Back in July, after President Biden's disastrous old-mannish debate performance, stocks in Taiwan took a tumble.
Taiwan Semiconductor Manufacturing Co., a chipmaker critical to the world's computer industry, collapsed, losing 5.6% of its value on a single day. This was largely on fear that the debate foretold a coming Trump Presidency, and that Trump would be less interested than Biden or several earlier Presidents in preserving Taiwan's de facto independence from Beijing.
It might be natural to ask: if TSMC stock fell sharply on the danger that Trump would be elected, what has the reality of a Trump election done to it?
Kind of strange but ... the immediate effect has been to lift the price.
Here is a six-month chart:
TSMC stock chart - Google Search
The TSMC stock price, as you can see, was rising more-or-less steadily for the first two months of the charted period, peaking on July 10. That is a little to the left of the central axis of the above screen shot. Then it heads down -- not just on the one day I mentioned above, the 16th of that month, but in a continuing fall with some zig-zagging, until hitting a bottom on August 5. Near the middle. Then it turns around.
Some observers (I was one of them) thought the turnaround meant that the smart money was favorably impressed by the then-new Harris campaign, so this rise was a testament to the intertwined nature of our economies.
But look at the rightward edge. The price is now well above where it was in early July. What is more: it held up just fine when Trump was elected. Its immediate response was upward.
Why? There is often a reflex, "sell when you're worrying about X and buy when X has happened." A simple example: a company may be disadvantaged by a prospective regulation. The price may fall as news stories appear about how the pertinent agency has the regulation under consideration. But THAT drop may represent an overstated view of how bad that news would be. Cooler heads and valuations may prevail once the regulation is not a prospect but a fact, and there may be an upward bounce.

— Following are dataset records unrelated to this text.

(* Let $2\le j<k$ be integers and consider the election $E(j,k)$ with committees $W=D_{k-2}\cup\{x,a\}$ and $W'=D_{k-2}\cup\{y,b\}$. Then $\Delta(W,a,b)=\delta(j,k)$ and $\Delta(W',b,a)=\delta(j,k)$, where $\delta(j,k)=\frac{j!}{\prod_{j'=0}^{j}(k-j')}>0$; in particular both swaps strictly increase the PAV score.
   Context: An approval election is a tuple $(N,C,(A_v)_{v\in N},k)$ with voters $N$, candidates $C$, ballots $A_v\subseteq C$ and target committee size $k$. The PAV score of $W\subseteq C$ is $\textsc{pavsc}(W)=\sum_{v\in N}\sum_{i=1}^{|A_v\cap W|}\frac1i$, and $\Delta(W,a,b)=\textsc{pavsc}((W\setminus\{a\})\cup\{b\})-\textsc{pavsc}(W)$. Let $D_\ell=\{d_1,\dots,d_\ell\}$ denote a set of dummy candidates ($D_0=\varnothing$, $D_\ell\subseteq D_{\ell+1}$). Elections $F(j,k)$, for $1\le j<k$, with candidate set $D_{k-1}\cup\{a,b\}$ and committee size $k$, are defined recursively. $F(1,k)$ has two voters with ballots $D_{k-1}\cup\{a\}$ and $D_{k-2}\cup\{b\}$. For $j>1$, take a copy of $F(j-1,k)$ with candidates $D_{k-1}\cup\{a_1,b_1\}$ and a copy of $F(j-1,k-1)$ with candidates $D_{k-2}\cup\{a_2,b_2\}$, with disjoint voter sets; in every ballot of the first copy replace $a_1$ by $b$ and $b_1$ by $a$, in every ballot of the second copy replace $a_2$ by $a$ and $b_2$ by $b$; $F(j,k)$ has the union of the two voter sets with these ballots, candidates $D_{k-1}\cup\{a,b\}$, and committee size $k$. The election $E(j,k)$ (for $2\le j<k$) is defined as follows: take two copies of $F(j-1,k-1)$ with disjoint voter sets $N_1,N_2$ and candidates $D_{k-2}\cup\{a_1,b_1\}$ and $D_{k-2}\cup\{a_2,b_2\}$ respectively; in ballots of voters in $N_1$ replace $a_1$ by $b$ and $b_1$ by $a$ and add a new candidate $x$; in ballots of voters in $N_2$ replace $a_2$ by $a$ and $b_2$ by $b$ and add a new candidate $y$. $E(j,k)$ has voters $N_1\cup N_2$, candidates $D_{k-2}\cup\{x,y,a,b\}$ and committee size $k$. *)

theory Defs
  imports Main Complex_Main
begin

datatype cand = Dum nat | CA | CB | CX | CY

definition dummies :: "nat \<Rightarrow> cand set" where
  "dummies l = Dum ` {1..l}"

(* An approval election: the voters are represented by the list of their ballots
   (one entry per voter, repetitions allowed), together with the candidate set
   and the target committee size. *)
record election =
  ballots :: "cand set list"
  cands :: "cand set"
  csize :: nat

definition pavsc :: "election \<Rightarrow> cand set \<Rightarrow> real" where
  "pavsc E W = (\<Sum>A\<leftarrow>ballots E. \<Sum>i=1..card (A \<inter> W). 1 / real i)"

definition Delta :: "election \<Rightarrow> cand set \<Rightarrow> cand \<Rightarrow> cand \<Rightarrow> real" where
  "Delta E W a b = pavsc E ((W - {a}) \<union> {b}) - pavsc E W"

fun swapAB :: "cand \<Rightarrow> cand" where
  "swapAB CA = CB"
| "swapAB CB = CA"
| "swapAB c = c"

(* ballots of F(j,k); only meaningful for 1 <= j < k *)
fun Fb :: "nat \<Rightarrow> nat \<Rightarrow> cand set list" where
  "Fb 0 k = []"
| "Fb (Suc 0) k = [dummies (k - 1) \<union> {CA}, dummies (k - 2) \<union> {CB}]"
| "Fb (Suc (Suc j)) k =
     map (\<lambda>A. swapAB ` A) (Fb (Suc j) k) @ Fb (Suc j) (k - 1)"

definition F_el :: "nat \<Rightarrow> nat \<Rightarrow> election" where
  "F_el j k = \<lparr> ballots = Fb j k, cands = dummies (k - 1) \<union> {CA, CB}, csize = k \<rparr>"

definition E_el :: "nat \<Rightarrow> nat \<Rightarrow> election" where
  "E_el j k = \<lparr> ballots =
       map (\<lambda>A. swapAB ` A \<union> {CX}) (Fb (j - 1) (k - 1))
     @ map (\<lambda>A. A \<union> {CY}) (Fb (j - 1) (k - 1)),
     cands = dummies (k - 2) \<union> {CX, CY, CA, CB}, csize = k \<rparr>"

definition delta :: "nat \<Rightarrow> nat \<Rightarrow> real" where
  "delta j k = fact j / (\<Prod>j'=0..j. (real k - real j'))"

end

(* Swapping a for b changes the joint score of the two voters of E(j,k) built from a
   ballot D_m \<union> {c} of F(j-1,k-1) by -1/((m+1)(m+2)) if c = a and by +1/((m+1)(m+2))
   if c = b, for either of the two committees.  Hence both swaps gain -T(F(j-1,k-1)), where
   the tilt T(F) sums +1/((m+1)(m+2)) over the a-ballots and -1/((m+1)(m+2)) over the
   b-ballots of F.  Exchanging a and b negates T, so the recursive construction gives
   T(F(j,k)) = -T(F(j-1,k)) + T(F(j-1,k-1)), and the recurrence
   delta(j,k) - delta(j,k+1) = delta(j+1,k+1) yields T(F(j,k)) = -delta(j+1,k+1). *)
theory Submission
  imports Defs "HOL-Analysis.Harmonic_Numbers"
begin

lemma pavsc_harm: "pavsc E W = (\<Sum>A\<leftarrow>ballots E. harm (card (A \<inter> W)))"
  by (simp add: pavsc_def harm_def inverse_eq_divide)

lemma delta_pos: "j < k \<Longrightarrow> delta j k > 0"
  unfolding delta_def by (intro divide_pos_pos prod_pos) auto

lemma delta_diff_Suc:
  assumes "j < k"
  shows "delta j k - delta j (Suc k) = delta (Suc j) (Suc k)"
proof -
  define P where "P = (\<Prod>i=0..j. real k - real i)"
  define Q where "Q = (\<Prod>i=0..j. real (Suc k) - real i)"
  define R where "R = (\<Prod>i=0..Suc j. real (Suc k) - real i)"
  have R_P: "R = (real k + 1) * P"
    unfolding R_def P_def prod.atLeast0_atMost_Suc_shift by simp
  have R_Q: "R = Q * (real k - real j)"
    unfolding R_def Q_def prod.atLeast0_atMost_Suc by simp
  have "P \<noteq> 0" "Q \<noteq> 0" "real k - real j \<noteq> 0"
    using assms unfolding P_def Q_def by auto
  then have "fact j / P = fact j * (real k + 1) / R" "fact j / Q = fact j * (real k - real j) / R"
    by (simp add: R_P, simp add: R_Q)
  then have "fact j / P - fact j / Q = fact j * (real k + 1) / R - fact j * (real k - real j) / R"
    by simp
  also have "\<dots> = fact j * (real j + 1) / R"
    by (simp add: diff_divide_distrib[symmetric] algebra_simps)
  finally show ?thesis
    unfolding delta_def P_def Q_def R_def by (simp add: algebra_simps)
qed

lemma delta_one: "delta 1 (Suc (Suc m)) = 1 / (real (m + 1) * real (m + 2))"
  by (simp add: delta_def numeral_2_eq_2 field_simps)

lemma dummies_distinct [simp]:
  "CA \<notin> dummies m" "CB \<notin> dummies m" "CX \<notin> dummies m" "CY \<notin> dummies m"
  unfolding dummies_def by auto

lemma card_dummies [simp]: "card (dummies m) = m"
  unfolding dummies_def by (simp add: card_image inj_on_def)

lemma finite_dummies [simp]: "finite (dummies m)"
  unfolding dummies_def by simp

lemma dummies_Int_dummies [simp]: "dummies m \<inter> dummies n = dummies (min m n)"
  unfolding dummies_def by auto

lemma swapAB_image_dummies [simp]: "swapAB ` dummies m = dummies m"
  unfolding dummies_def by force

lemma Fb_ballot_shape:
  "A \<in> set (Fb j k) \<Longrightarrow> \<exists>m c. A = insert c (dummies m) \<and> c \<in> {CA, CB} \<and> m \<le> k - 1"
proof (induction j k arbitrary: A rule: Fb.induct)
  case (2 k)
  then have "A = insert CA (dummies (k - 1)) \<or> A = insert CB (dummies (k - 2))"
    by simp
  then show ?case by (elim disjE) (auto intro!: exI)
next
  case (3 j k)
  then consider B where "B \<in> set (Fb (Suc j) k)" "A = swapAB ` B" | "A \<in> set (Fb (Suc j) (k - 1))"
    by auto
  then show ?case
  proof cases
    case (1 B)
    with "3.IH"(1) obtain m c where "B = insert c (dummies m)" "c \<in> {CA, CB}" "m \<le> k - 1"
      by blast
    with \<open>A = swapAB ` B\<close> show ?thesis by (intro exI[of _ m] exI[of _ "swapAB c"]) auto
  next
    case 2
    with "3.IH"(2) show ?thesis by fastforce
  qed
qed simp

definition ballot_tilt :: "cand set \<Rightarrow> real" where
  "ballot_tilt A = (let m = card (A - {CA, CB}) in
     (if CA \<in> A then 1 else -1) / (real (m + 1) * real (m + 2)))"

lemma ballot_tilt_insert_dummies [simp]:
  "ballot_tilt (insert CA (dummies m)) = 1 / (real (m + 1) * real (m + 2))"
  "ballot_tilt (insert CB (dummies m)) = - 1 / (real (m + 1) * real (m + 2))"
  by (simp_all add: ballot_tilt_def insert_Diff_if)

lemma sum_ballot_tilt_swapAB:
  "(\<Sum>A\<leftarrow>map ((`) swapAB) (Fb j k). ballot_tilt A) = - (\<Sum>A\<leftarrow>Fb j k. ballot_tilt A)"
proof -
  have "ballot_tilt (swapAB ` A) = - ballot_tilt A" if "A \<in> set (Fb j k)" for A
    using Fb_ballot_shape[OF that] by auto
  then show ?thesis
    by (simp add: uminus_sum_list_map comp_def cong: map_cong)
qed

lemma sum_ballot_tilt_Fb:
  "1 \<le> j \<Longrightarrow> j < k \<Longrightarrow> (\<Sum>A\<leftarrow>Fb j k. ballot_tilt A) = - delta (Suc j) (Suc k)"
proof (induction j k rule: Fb.induct)
  case (2 k)
  obtain n where k: "k = Suc (Suc n)"
    using "2.prems" by (intro that[of "k - 2"]) simp
  have "(\<Sum>A\<leftarrow>Fb 1 k. ballot_tilt A) = delta 1 (Suc k) - delta 1 k"
    using delta_one[of n] delta_one[of "Suc n"] by (simp add: k)
  also have "\<dots> = - delta 2 (Suc k)"
    using delta_diff_Suc[of 1 k] "2.prems" by (simp add: numeral_2_eq_2)
  finally show ?case by (simp add: numeral_2_eq_2)
next
  case (3 j k)
  have "(\<Sum>A\<leftarrow>map ((`) swapAB) (Fb (Suc j) k). ballot_tilt A) = - (\<Sum>A\<leftarrow>Fb (Suc j) k. ballot_tilt A)"
    by (rule sum_ballot_tilt_swapAB)
  also have "\<dots> = delta (Suc (Suc j)) (Suc k)"
    using "3.IH"(1) "3.prems" by simp
  finally have "(\<Sum>A\<leftarrow>Fb (Suc (Suc j)) k. ballot_tilt A) = delta (Suc (Suc j)) (Suc k) - delta (Suc (Suc j)) k"
    using "3.IH"(2) "3.prems" by simp
  also have "\<dots> = - delta (Suc (Suc (Suc j))) (Suc k)"
    using delta_diff_Suc[of "Suc (Suc j)" k] "3.prems" by simp
  finally show ?case .
qed simp

definition E_pair_score :: "cand set \<Rightarrow> cand set \<Rightarrow> real" where
  "E_pair_score W A = harm (card ((swapAB ` A \<union> {CX}) \<inter> W)) + harm (card ((A \<union> {CY}) \<inter> W))"

lemma pavsc_E_el:
  "pavsc (E_el j k) W = (\<Sum>A\<leftarrow>Fb (j - 1) (k - 1). E_pair_score W A)"
  by (simp add: pavsc_harm E_el_def E_pair_score_def sum_list_addf comp_def)

lemma E_pair_score_gain:
  assumes "m \<le> n" "c \<in> {CA, CB}" "(z, u, v) \<in> {(CX, CA, CB), (CY, CB, CA)}"
  shows "E_pair_score (dummies n \<union> {z, v}) (insert c (dummies m))
       - E_pair_score (dummies n \<union> {z, u}) (insert c (dummies m))
       = - ballot_tilt (insert c (dummies m))"
proof -
  have harm_steps: "harm (Suc m) = harm m + 1 / (1 + real m)"
    "harm (Suc (Suc m)) = harm m + 1 / (1 + real m) + 1 / (2 + real m)"
    by (simp_all add: harm_Suc inverse_eq_divide add_ac)
  have partial_fractions: "1 / (1 + real m) - 1 / (2 + real m) = 1 / ((1 + real m) * (2 + real m))"
    by (simp add: field_simps)
  show ?thesis
    using assms partial_fractions by (auto simp: E_pair_score_def harm_steps)
qed

lemma Delta_E_el:
  assumes "2 \<le> j" "j < k" and zuv: "(z, u, v) \<in> {(CX, CA, CB), (CY, CB, CA)}"
  shows "Delta (E_el j k) (dummies (k - 2) \<union> {z, u}) u v = delta j k"
proof -
  let ?L = "Fb (j - 1) (k - 1)"
  have committee: "(dummies (k - 2) \<union> {z, u} - {u}) \<union> {v} = dummies (k - 2) \<union> {z, v}"
    using zuv by auto
  have gain: "E_pair_score (dummies (k - 2) \<union> {z, v}) A - E_pair_score (dummies (k - 2) \<union> {z, u}) A
      = - ballot_tilt A" if A: "A \<in> set ?L" for A
  proof -
    obtain m c where "A = insert c (dummies m)" "c \<in> {CA, CB}" "m \<le> k - 2"
      using Fb_ballot_shape[OF A] by auto
    then show ?thesis using E_pair_score_gain zuv by blast
  qed
  have "Delta (E_el j k) (dummies (k - 2) \<union> {z, u}) u v
      = (\<Sum>A\<leftarrow>?L. E_pair_score (dummies (k - 2) \<union> {z, v}) A - E_pair_score (dummies (k - 2) \<union> {z, u}) A)"
    unfolding Delta_def committee pavsc_E_el sum_list_subtractf ..
  also have "\<dots> = (\<Sum>A\<leftarrow>?L. - ballot_tilt A)"
    by (intro arg_cong[where f = sum_list] map_cong refl gain)
  also have "\<dots> = - (\<Sum>A\<leftarrow>?L. ballot_tilt A)"
    by (simp add: uminus_sum_list_map comp_def)
  also have "\<dots> = delta (Suc (j - 1)) (Suc (k - 1))"
    using sum_ballot_tilt_Fb[of "j - 1" "k - 1"] assms(1,2) by simp
  also have "\<dots> = delta j k"
    using assms(1,2) by simp
  finally show ?thesis .
qed

theorem corollary6:
  fixes j k :: nat
  assumes "2 \<le> j" and "j < k"
  shows "Delta (E_el j k) (dummies (k - 2) \<union> {CX, CA}) CA CB = delta j k
       \<and> Delta (E_el j k) (dummies (k - 2) \<union> {CY, CB}) CB CA = delta j k
       \<and> delta j k > 0"
  using Delta_E_el[OF assms] delta_pos[OF assms(2)] by simp

end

BUT ... you might say ... an unfavorable regulation simply changes facts on the balance sheet. It is not normally an existential threat to the existence of the business. A war over the PRC's assertion of sovereignty over the island certainly could be. and, even if the much of the business of TSMC survived the war, the PRC's victory would be more so. The victor might simply seize the assets as 'spoils'.
Possibly so. But investors could well be making a probabilistic judgment. Suppose the possibility of such an apocalyptic result of the US election for Taiwan and TSMC were, simply, 10 percent. That would weigh on the company but would not reduce the present value of its stock to zero. We may simply have seen the discounting of the market value of a stock that took, say, 12% off. After election day, the market decided odds of total destruction weren't quite so bad, they are 10%. Hence the bounce.
It is all rather refreshingly normal.